I recently dived into scaling stateful applications in Kubernetes, focusing particularly on Postgres databases. My current project also integrates Liquibase for database migrations, which led me to explore its impact on scaling. Here are the consolidated notes from my research.

Postgres Helm Charts

Configuration

We have been using the Bitnami Postgres Chart.

  • Setting Replica Count: Utilize the ‘replicaCount’ chart parameter to scale the cluster horizontally.
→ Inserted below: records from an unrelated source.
lemma is_inf_in_le_order_limit:
  fixes M :: "'a::{ordered_real_vector,lattice} filter"
  assumes M: "M \<noteq> bot" and P: "eventually (\<lambda>x. x \<in> P) M" and w: "is_inf_in UNIV P w"
    and conv: "order_conv_in UNIV (\<lambda>x. x) M y"
  shows "w \<le> y"
proof -
  obtain G where G: "is_inf_in UNIV G 0"
    and ev: "\<forall>g\<in>G. eventually (\<lambda>x. y - g \<le> x \<and> x \<le> y + g) M"
    using conv by (auto simp: order_conv_in_def)
  have "w - y \<le> g" if "g \<in> G" for g
  proof -
    have "eventually (\<lambda>x. x \<in> P \<and> x \<le> y + g) M"
      using P ev that by (auto elim: eventually_elim2)
    then obtain x where "x \<in> P" "x \<le> y + g"
      using eventually_happens'[OF M] by blast
    then have "w \<le> y + g"
      using w by (auto simp: is_inf_in_def intro: order_trans)
    then show ?thesis
      by (simp add: diff_le_eq add.commute)
  qed
  then have "w - y \<le> 0"
    using G unfolding is_inf_in_def by blast
  then show ?thesis
    by simp
qed
text \<open>Put \<open>theta k = (-1)^(par k)\<close>. Substituting \<open>k \<mapsto> -k\<close> in the sum defining \<open>C\<^sup>(\<^sup>n\<^sup>)\<close>
and using \<open>F (-i) (-j) = F i j\<close> and \<open>theta (-k) = - theta k\<close> gives the sign symmetry of
\<open>C\<^sup>(\<^sup>n\<^sup>)\<close>; taking traces, \<open>c\<^sub>n = (-1)^(n-1) c\<^sub>n\<close>, so \<open>c\<^sub>n = 0\<close> for even \<open>n\<close>.
Every monomial of \<open>C\<^sup>(\<^sup>n\<^sup>)\<^sub>i\<^sub>j\<close> has parity \<open>par i + par j\<close>, so \<open>c\<^sub>n\<close> is even.
For centrality one shows by induction on \<open>n\<close>, via the super Leibniz rule, that the
supercommutator \<open>[F\<^sub>a\<^sub>b, C\<^sup>(\<^sup>n\<^sup>)\<^sub>i\<^sub>j]\<close> is given by the four Kronecker-delta terms of
\<open>[F\<^sub>a\<^sub>b, F\<^sub>i\<^sub>j]\<close> with \<open>F\<close> replaced by \<open>C\<^sup>(\<^sup>n\<^sup>)\<close>. On the diagonal \<open>i = j\<close> these terms
cancel in pairs after summation, so \<open>c\<^sub>n\<close> commutes with the generators and hence with
every element of \<open>U(q(N))\<close>.\<close>

subsection \<open>The free algebra\<close>

lemma sum_apply: "(sum f S) w = (\<Sum>k\<in>S. f k w)" for f :: "'b \<Rightarrow> fa"
  by (induction S rule: infinite_finite_induct) auto

lemma fmul_assoc: "fmul (fmul p q) r = fmul p (fmul q r)"
proof (rule ext)
  fix w :: "gen list"
  define L where "L = length w"
  define g where "g = (\<lambda>m t. p (take m w) * q (take t (drop m w)) * r (drop (m+t) w))"
  have "fmul (fmul p q) r w = (\<Sum>k\<le>L. \<Sum>m\<le>k. g m (k - m))"
    unfolding fmul_def g_def L_def atLeast0AtMost
    by (auto simp: sum_distrib_right min_def drop_take intro!: sum.cong)
  also have "\<dots> = (\<Sum>(m,t)\<in>{(m,t). m+t \<le> L}. g m t)"
    by (rule sum.triangle_reindex_eq[symmetric])
  also have "\<dots> = (\<Sum>m\<le>L. \<Sum>t\<le>L - m. g m t)"
  proof -
    have "{(m,t). m+t \<le> L} = Sigma {..L} (\<lambda>m. {..L-m})" by auto
    then show ?thesis by (simp add: sum.Sigma)
  qed
  also have "\<dots> = fmul p (fmul q r) w"
    unfolding fmul_def g_def L_def atLeast0AtMost
    by (auto simp: sum_distrib_left mult.assoc add.commute intro!: sum.cong)
  finally show "fmul (fmul p q) r w = fmul p (fmul q r) w" .
qed

lemma fmul_add_left: "fmul (x + y) z = fmul x z + fmul y z"
  by (auto simp: fmul_def fun_eq_iff distrib_right sum.distrib)

lemma fmul_add_right: "fmul z (x + y) = fmul z x + fmul z y"
  by (auto simp: fmul_def fun_eq_iff distrib_left sum.distrib)

lemma fmul_diff_left: "fmul (x - y) z = fmul x z - fmul y z"
  by (auto simp: fmul_def fun_eq_iff left_diff_distrib sum_subtractf)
This is the normal field for scaling in Kubernetes.
    • Ensure the replica count is an odd number.
    • To enable replication, use: ‘–set replication.enabled=true’.
    • The default architecture is ‘architecture=standalone’; switch to ‘replication’.
    • The default update strategy is ‘primary.updateStrategy.type=RollingUpdate’.

Replication

Postgres doesn’t inherently support multi-master clustering. Employ a single master node and complement it with multiple read replicas. If needed, the master node can fail over to the read replicas.

  • Connection Pooling and Routing: PGBouncer is a reliable option for connection pooling.
  • Failover: The Helm chart is designed to automatically manage failover if the primary node becomes unresponsive. Nonetheless, testing this behavior is essential.
  • Node Anti-Affinity: Adopt soft node anti-affinity to ensure that replicas are distributed across Kubernetes cluster nodes.

High Availability Version

I think we should switch to Bitnami HA version to enhance replication and overall availability.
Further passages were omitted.